Micro-computed tomography, also known as Micro-CT, is the preclinical analogue of clinical CT, providing higher spatial resolution (voxel size <= 100 microns) for imaging small animal models of disease. The growing interest in small animal models and the development of new X-ray detectors stimulated considerable development of dedicated small animal scanners in the 1990s. Now, Micro-CT systems have become highly sophisticated and are an essential part of preclinical imaging centers in both academia and industry. Conventionally, the samples can be analyzed almost without any sample preparation process generally in a non-destructive way [1]. In the poster, Biocytogen present a series of applications for both in vivo and ex vivo imaging.
Schematic illustration showing the basics of Micro-CT.[2]
Figure 1. Evaluation of the anti-tumor efficacy of test articles in aged FVB mice with spontaneous lung tumors. (a) The top image represented spontaneous lung nodules in aged mice which showed the reconstruction images of transverse plane, coronal plane, sagittal plane (the lung was displayed in green). The image at bottom left represented 3D generated by software of “Simpleware" (Bone was marked in red and the tumor was marked in blue). The 3D image at bottom right represented pulmonary tumor (in red). (b, c) Percentage change from baseline after antibody treatment in single-arm study in FVB mice with spontaneous tumor. (n=10/8 per group)

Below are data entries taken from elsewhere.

lemma quot_max_orthogonal_singletonE:
  assumes F: "subspace F" and max: "quot_max_orthogonal scale N F {C}"
    and A: "A \<in> quot F - {F}" "A \<noteq> C"
  obtains r s l m where "r \<in> C" "s \<in> A"
    "qnorm N F (scale l r + scale m s) < max (qnorm N F (scale l r)) (qnorm N F (scale m s))"
proof -
  have "\<not> quot_orthogonal scale N F {C, A}"
    using max A(2) unfolding quot_max_orthogonal_def by blast
  moreover have "C \<in> quot F - {F}"
    using max unfolding quot_max_orthogonal_def quot_orthogonal_def by blast
  ultimately obtain S lam r where S: "S \<subseteq> {C, A}" "S \<noteq> {}" "\<forall>D\<in>S. r D \<in> D"
    and ne: "qnorm N F (\<Sum>D\<in>S. scale (lam D) (r D)) \<noteq> Max ((\<lambda>D. qnorm N F (scale (lam D) (r D))) ` S)"
    using A(1) unfolding quot_orthogonal_def by (auto simp: finite_subset)
  have "S \<noteq> {C}" "S \<noteq> {A}"
    using ne by auto
  then have "S = {C, A}"
    using S(1,2) by blast
  then have "qnorm N F (scale (lam C) (r C) + scale (lam A) (r A)) \<noteq>
      max (qnorm N F (scale (lam C) (r C))) (qnorm N F (scale (lam A) (r A)))"
    using ne A(2) by simp
  then have "qnorm N F (scale (lam C) (r C) + scale (lam A) (r A)) <
      max (qnorm N F (scale (lam C) (r C))) (qnorm N F (scale (lam A) (r A)))"
    using qnorm_add_le_max[OF F] by (simp add: order.strict_iff_order)
  moreover have "r C \<in> C" "r A \<in> A"
    using S(3) \<open>S = {C, A}\<close> by auto
  ultimately show ?thesis
    by (rule that[rotated 2])
qed
lemma msg_size_bound:
  assumes c: "c > 0" and hn: "h \<le> n" and r: "r \<in> coin_space n coin_len"
  shows "real (total_msg_size (sssp_alg c) P inp r) \<le> 200 * (c + 3) * LN ^ 3 * (real n ^ 2 * LW / (e' * real h))"
proof -
  define K where "K = real max_scale + 1"
  define B where "B = real width"
  define M where "M = real (num_samples c n h) + 1"
  have bounds: "K \<le> 10 * LN * LW" "B \<le> 3 * LN" "M \<le> (2 * c + 6) * real n * LN / real h"
    unfolding K_def B_def M_def
    using max_scale_le_ln[OF n_ge_1] width_le_ln[OF n_ge_1] num_samples_le[OF c h_ge_1 hn] by auto
  have ge_1: "K \<ge> 1" "B \<ge> 1" "M \<ge> 1" "real n \<ge> 1"
    unfolding K_def B_def M_def using width_pos n_ge_1 by auto
  have "real (total_msg_size (sssp_alg c) P inp r)
      \<le> real (1 + coin_len + (max_scale + 1) * (n * (width * (num_samples c n h + 1))))"
    using total_msg_size_le[OF r] by (simp only: of_nat_le_iff)
  also have "\<dots> = 1 + (M - 1) * B + K * (real n * (B * M))"
    unfolding K_def B_def M_def by (simp add: algebra_simps)
  also have "\<dots> \<le> 3 * (K * real n * B * M)"
  proof -
    have "1 * 1 \<le> K * real n" using ge_1 by (intro mult_mono) auto
    then have "B * M \<le> K * real n * (B * M)" using ge_1 mult_right_mono[of 1 "K * real n" "B * M"] by simp
    moreover have "1 \<le> B * M" using ge_1 mult_mono[of 1 B 1 M] by simp
    moreover have "(M - 1) * B \<le> B * M" using ge_1 by (simp add: algebra_simps)
    moreover have "K * (real n * (B * M)) = K * real n * B * M" "K * real n * (B * M) = K * real n * B * M"
      by (simp_all add: mult.assoc)
    ultimately show ?thesis by linarith
  qed
  also have "K * real n * B * M \<le> (10 * LN * LW) * real n * (3 * LN) * ((2 * c + 6) * real n * LN / real h)"
    using bounds ge_1 by (intro mult_mono) auto
  also have "3 * \<dots> = 180 * (c + 3) * LN ^ 3 * (real n ^ 2 * LW / real h)"
    using h_ge_1 by (simp add: power3_eq_cube power2_eq_square field_simps)
  also have "\<dots> \<le> 200 * (c + 3) * LN ^ 3 * (real n ^ 2 * LW / (e' * real h))"
  proof (intro mult_mono divide_left_mono)
    show "e' * real h \<le> real h" using e'_bounds h_ge_1 by (simp add: mult_le_cancel_right1)
  qed (use c logs_ge e'_bounds h_ge_1 in auto)
  finally show ?thesis by simp
qed

lemma success_probability:
  assumes c: "c > 0" and hn: "h \<le> n" and weights: "\<forall>u<n. \<forall>v<n. \<forall>x. w u v = Some x \<longrightarrow> x \<le> W"
  shows "measure_pmf.prob (coins n coin_len)
     {r. (\<forall>v<n. graph_dist n w s v \<le> estimate (sssp_alg c) P inp r v \<and>
                estimate (sssp_alg c) P inp r v \<le> ereal (1 + e) * graph_dist n w s v) \<and>
         real (total_msg_size (sssp_alg c) P inp r) \<le> 200 * (c + 3) * LN ^ 3 * (real n ^ 2 * LW / (e' * real h))}
     \<ge> 1 - real n powr (- c)" (is "_ \<ge> _" is "measure_pmf.prob ?M ?good \<ge> _")
proof -
  let ?U = "\<Union>v<n. \<Union>i<n. misses v i"
  have good: "r \<in> ?good" if r: "r \<in> coin_space n coin_len" "r \<notin> ?U" for r
  proof -
    have "graph_dist n w s v \<le> estimate (sssp_alg c) P inp r v \<and>
        estimate (sssp_alg c) P inp r v \<le> ereal (1 + e) * graph_dist n w s v" if v: "v < n" for v
    proof (rule estimate_approx[OF v weights])
      have "\<forall>i<n. r \<notin> misses v i" using r(2) v by blast
      then show "graph_dist n w s v \<noteq> \<infinity> \<Longrightarrow> sample_hits r (shortest_path v)"
        using sample_hits_if_not_misses[OF v] by simp
    qed
    then show ?thesis using msg_size_bound[OF c hn r(1)] by simp
  qed
  have "set_pmf ?M \<inter> - ?U \<subseteq> ?good"
  proof
    fix r assume "r \<in> set_pmf ?M \<inter> - ?U"
    then have "r \<in> coin_space n coin_len" "r \<notin> ?U" unfolding set_pmf_coins by simp_all
    then show "r \<in> ?good" by (rule good)
  qed
  then have "measure_pmf.prob ?M (set_pmf ?M \<inter> - ?U) \<le> measure_pmf.prob ?M ?good"
    by (intro measure_pmf.finite_measure_mono) auto
  moreover have "measure_pmf.prob ?M (set_pmf ?M \<inter> - ?U) = 1 - measure_pmf.prob ?M ?U"
    using measure_Int_set_pmf[of ?M "- ?U"] measure_pmf.prob_compl[of ?U ?M] by (simp add: Compl_eq_Diff_UNIV Int_commute)
  ultimately show ?thesis using prob_some_misses_le[OF c hn] by linarith
qed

Figure 2. Detection of hepatic tumors in situ-inoculated mice and induced liver tumor in STAM model by Micro-CT. (a) Micro-CT image and tumor growth curve (b) of orthotopic model of B-luc Hep 3B plus in B-NDG hIL15 mice. Scanning was taken 14 days after inoculation. (c) Micro-CT image of liver tumor of C57BL/6 mice in Streptozotocin (STZ) and high-fat diet induced STAM model. (d) Maximum length of tumor in STAM model. Data recorded from 20 weeks after induction.
Figure 3. Fat segmentation and 3D reconstruction of fat in obese mice and wild mice by Micro-CT. (a) Visceral fat and subcutaneous fat were marked in red and green, respectively. The reconstruction map showed that there was a large amount of fat in the viscera and subcutaneous of High fat diet (HFD) induced obese mouse, and almost no obvious fat accumulation in standard diet (STD) mouse. (b) Total adipose tissue/body weight (TAT%), subcutaneous adipose tissue/body weight (SAT%), visceral adipose tissue /body weight (VAT%) of HFD group and STD group.

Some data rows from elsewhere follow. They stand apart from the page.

(* Let $\mathsf V$ be a quantale, $X=(X,a)$ a $\mathsf V$-category and $s=(x_n)_{n\in\mathbb N}$ a Cauchy sequence in $X$. Put $\widetilde s=(x_n^* )_{n\in\mathbb N}$, a sequence in $[X^{\mathrm{op}},\mathsf V]$. Then $\widetilde s$ converges to $\psi_s$ in $[X^{\mathrm{op}},\mathsf V]$. If moreover $k=\top$ is the top element of $\mathsf V$, then for every $\psi\in[X^{\mathrm{op}},\mathsf V]$, if $\widetilde s$ converges to $\psi$ then $\psi=\psi_s$.
   Context: A quantale $(\mathsf V,\otimes,k)$ is a complete anti-symmetric lattice with an associative, commutative operation $\otimes$ with neutral element $k$ distributing over arbitrary suprema; $\hom(u,-)$ is the right adjoint of $u\otimes-$. A $\mathsf V$-category $(X,a)$ is a set with $a:X\times X\to\mathsf V$ such that $k\le a(x,x)$ and $a(x,y)\otimes a(y,z)\le a(x,z)$. $[X^{\mathrm{op}},\mathsf V]$ is the $\mathsf V$-category whose elements are the maps $\psi:X\to\mathsf V$ with $a(x,x')\otimes\psi(x')\le\psi(x)$ (i.e. $\mathsf V$-modules $X\rightharpoonup E$), with structure $[\psi,\psi']=\bigwedge_{x\in X}\hom(\psi(x),\psi'(x))$. For $x\in X$, $x^*\in[X^{\mathrm{op}},\mathsf V]$ is $y\mapsto a(y,x)$. For a sequence $s=(x_n)$: $\mathrm{Cauchy}(s)=\bigvee_N\bigwedge_{n,m\ge N}a(x_n,x_m)$, $s$ is Cauchy if $k\le\mathrm{Cauchy}(s)$; $\psi_s(y)=\bigvee_N\bigwedge_{n\ge N}a(y,x_n)$. In a $\mathsf V$-category $(Z,c)$, for $M\subseteq Z$, $\overline M=\{z\mid k\le\bigvee_{y\in M}c(z,y)\otimes c(y,z)\}$, and a sequence $(z_n)$ converges to $z$ if $z\in\overline{\{z_n\mid n\in M\}}$ for every infinite $M\subseteq\mathbb N$. *)

theory Defs
  imports Main
begin

definition quantale :: "('v::complete_lattice \<Rightarrow> 'v \<Rightarrow> 'v) \<Rightarrow> 'v \<Rightarrow> bool" where
  "quantale t k \<longleftrightarrow>
     (\<forall>u v w. t (t u v) w = t u (t v w)) \<and>
     (\<forall>u v. t u v = t v u) \<and>
     (\<forall>u. t k u = u) \<and>
     (\<forall>u S. t u (Sup S) = (SUP v\<in>S. t u v))"

definition qhom :: "('v::complete_lattice \<Rightarrow> 'v \<Rightarrow> 'v) \<Rightarrow> 'v \<Rightarrow> 'v \<Rightarrow> 'v" where
  "qhom t u v = Sup {w. t u w \<le> v}"

definition vcat :: "('v::complete_lattice \<Rightarrow> 'v \<Rightarrow> 'v) \<Rightarrow> 'v \<Rightarrow> 'x set \<Rightarrow> ('x \<Rightarrow> 'x \<Rightarrow> 'v) \<Rightarrow> bool" where
  "vcat t k X a \<longleftrightarrow>
     (\<forall>x\<in>X. k \<le> a x x) \<and>
     (\<forall>x\<in>X. \<forall>y\<in>X. \<forall>z\<in>X. t (a x y) (a y z) \<le> a x z)"

text \<open>Carrier of [X^op, V]; maps are taken extensional (value bot outside X).\<close>
definition presheaves :: "('v::complete_lattice \<Rightarrow> 'v \<Rightarrow> 'v) \<Rightarrow> 'x set \<Rightarrow> ('x \<Rightarrow> 'x \<Rightarrow> 'v) \<Rightarrow> ('x \<Rightarrow> 'v) set" where
  "presheaves t X a = {\<psi>. (\<forall>x\<in>X. \<forall>x'\<in>X. t (a x x') (\<psi> x') \<le> \<psi> x) \<and> (\<forall>x. x \<notin> X \<longrightarrow> \<psi> x = bot)}"

definition psh_hom :: "('v::complete_lattice \<Rightarrow> 'v \<Rightarrow> 'v) \<Rightarrow> 'x set \<Rightarrow> ('x \<Rightarrow> 'v) \<Rightarrow> ('x \<Rightarrow> 'v) \<Rightarrow> 'v" where
  "psh_hom t X \<psi> \<psi>' = (INF x\<in>X. qhom t (\<psi> x) (\<psi>' x))"

definition yoneda :: "'x set \<Rightarrow> ('x \<Rightarrow> 'x \<Rightarrow> 'v::complete_lattice) \<Rightarrow> 'x \<Rightarrow> 'x \<Rightarrow> 'v" where
  "yoneda X a x = (\<lambda>y. if y \<in> X then a y x else bot)"

definition cauchy_val :: "('x \<Rightarrow> 'x \<Rightarrow> 'v::complete_lattice) \<Rightarrow> (nat \<Rightarrow> 'x) \<Rightarrow> 'v" where
  "cauchy_val a s = (SUP N. INF n\<in>{N..}. INF m\<in>{N..}. a (s n) (s m))"

definition psi_seq :: "'x set \<Rightarrow> ('x \<Rightarrow> 'x \<Rightarrow> 'v::complete_lattice) \<Rightarrow> (nat \<Rightarrow> 'x) \<Rightarrow> 'x \<Rightarrow> 'v" where
  "psi_seq X a s = (\<lambda>y. if y \<in> X then (SUP N. INF n\<in>{N..}. a y (s n)) else bot)"

definition vclosure :: "('v::complete_lattice \<Rightarrow> 'v \<Rightarrow> 'v) \<Rightarrow> 'v \<Rightarrow> 'z set \<Rightarrow> ('z \<Rightarrow> 'z \<Rightarrow> 'v) \<Rightarrow> 'z set \<Rightarrow> 'z set" where
  "vclosure t k Z c M = {z\<in>Z. k \<le> (SUP y\<in>M. t (c z y) (c y z))}"

definition vconverges :: "('v::complete_lattice \<Rightarrow> 'v \<Rightarrow> 'v) \<Rightarrow> 'v \<Rightarrow> 'z set \<Rightarrow> ('z \<Rightarrow> 'z \<Rightarrow> 'v) \<Rightarrow> (nat \<Rightarrow> 'z) \<Rightarrow> 'z \<Rightarrow> bool" where
  "vconverges t k Z c zs z \<longleftrightarrow> (\<forall>M::nat set. infinite M \<longrightarrow> z \<in> vclosure t k Z c (zs ` M))"

end

theory Submission
  imports Defs "HOL-Library.Infinite_Set"
begin

text \<open>
  Write \<open>c N\<close> for the infimum of \<open>a(x\<^sub>n, x\<^sub>m)\<close> over \<open>n, m \<ge> N\<close>, so that \<open>k \<le> \<Squnion>\<^sub>N c N\<close>.
  For \<open>n \<ge> N\<close> the triangle inequality gives \<open>c N \<le> [x\<^sub>n\<^sup>*, \<psi>\<^sub>s]\<close> and \<open>c N \<le> [\<psi>\<^sub>s, x\<^sub>n\<^sup>*]\<close>;
  since every infinite set of indices contains arbitrarily large \<open>n\<close>, this yields
  \<open>k \<le> \<Squnion>\<^sub>N c N \<otimes> \<Squnion>\<^sub>N c N \<le> \<Squnion>\<^sub>n\<^sub>\<in>\<^sub>M [\<psi>\<^sub>s, x\<^sub>n\<^sup>*] \<otimes> [x\<^sub>n\<^sup>*, \<psi>\<^sub>s]\<close>.
  If \<open>k = \<top>\<close>, then \<open>u \<otimes> v \<le> u\<close>, so convergence to \<open>\<psi>\<close> forces both
  \<open>\<Squnion>\<^sub>n\<^sub>\<ge>\<^sub>N [\<psi>, x\<^sub>n\<^sup>*]\<close> and \<open>\<Squnion>\<^sub>n\<^sub>\<ge>\<^sub>N [x\<^sub>n\<^sup>*, \<psi>]\<close> to be \<open>\<top>\<close>; composing with the
  estimates above gives \<open>[\<psi>, \<psi>\<^sub>s] = [\<psi>\<^sub>s, \<psi>] = \<top>\<close>, hence \<open>\<psi> = \<psi>\<^sub>s\<close>.
\<close>

lemma quantale_assoc: "quantale t k \<Longrightarrow> t (t u v) w = t u (t v w)"
  unfolding quantale_def by blast

lemma quantale_commute: "quantale t k \<Longrightarrow> t u v = t v u"
  unfolding quantale_def by blast

lemma quantale_unit: "quantale t k \<Longrightarrow> t k u = u"
  by (simp add: quantale_def)

lemma quantale_SUP: "quantale t k \<Longrightarrow> t u (SUP i\<in>I. f i) = (SUP i\<in>I. t u (f i))"
  unfolding quantale_def by (metis image_image)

Figure 4. Quantitative diagnosis of fatty liver by Micro-CT. (a)The liver region of interest reconstructed by Micro-CT. (b) Standard for quantitative diagnosis of fatty by Micro-CT. (c) Analysis results for region of interest of the obese mice liver by software (Avatar3). (d) Average CT value of mice liver after high fat diet (HFD) and standard diet (SD) for 25 weeks.
Figure 5. Femur analysis in ovariectomy induced osteoporosis model ex vivo. C57BL/6 mice received ovariectomy on day 0. Six weeks after operation, femurs were harvested and analyzed by Micro-CT ex vivo. (a) 3D reconstruction images of sham operation group (sham) and operation group (OVX). (b) Trabecular bone and cortical bone area of femur. (c) Statistics of trabecular bone, cortical bone structural and density parameters of femurs in Sham and OVX treated group. In conclusion,the osteoporosis model was successfully established in C57BL/6 mice.
Figure 6.1. The measurement of bone mineral density of mice in vivo. Micro-CT supported user-defined areas and lengths, such as the distal femur in the red area, the proximal femur in the purple area, and the spine, Rod1, Rod2, Rod3 and Rod4 were hydroxyapatite with different densities.
Figure 6.2. Femur analysis in B-hRANKL mice after antibody treatment in osteoporosis model. Osteoporosis was induced in B-hRANKL mice (7 weeks-old) via ovariectomy. Six weeks after ovariectomy, mice were treated with PBS (G2), isotype control (G3), test articles (G4~G5) for 4 weeks. G1 was sham group (G1). G2~G6 were osteoporosis modeling groups. Bone mineral density (BMD) of medullary cavity area and tissue mineral density (TMD), thickness and bone volume (BV) of cortical bone were analyzed in vivo by Micro-CT. Data was shown as Mean±SEM, and analyzed using One way ANOVA followed Dunntett compared with G2, “in vivo BMD”, compared with G3.
Figure 7.1. Anterior cruciate ligament transection (ACLT) surgical models of osteoarthritis (OA). (a) C57BL/6 mice received anterior cruciate ligament transection (ACLT) on day 0. Ten weeks after operation, knee joints were harvested and analyzed by Micro-CT ex vivo. 3D reconstruction image showed extensive hyperplasia and wear of subchondral bone in the operation group. Cross section of subchondral cancellous bone of tibia showed that bone volume in the operation group was decreased.(b) Data represented the structural parameters of subchondral cancellous bone and the parameters of tibial plane.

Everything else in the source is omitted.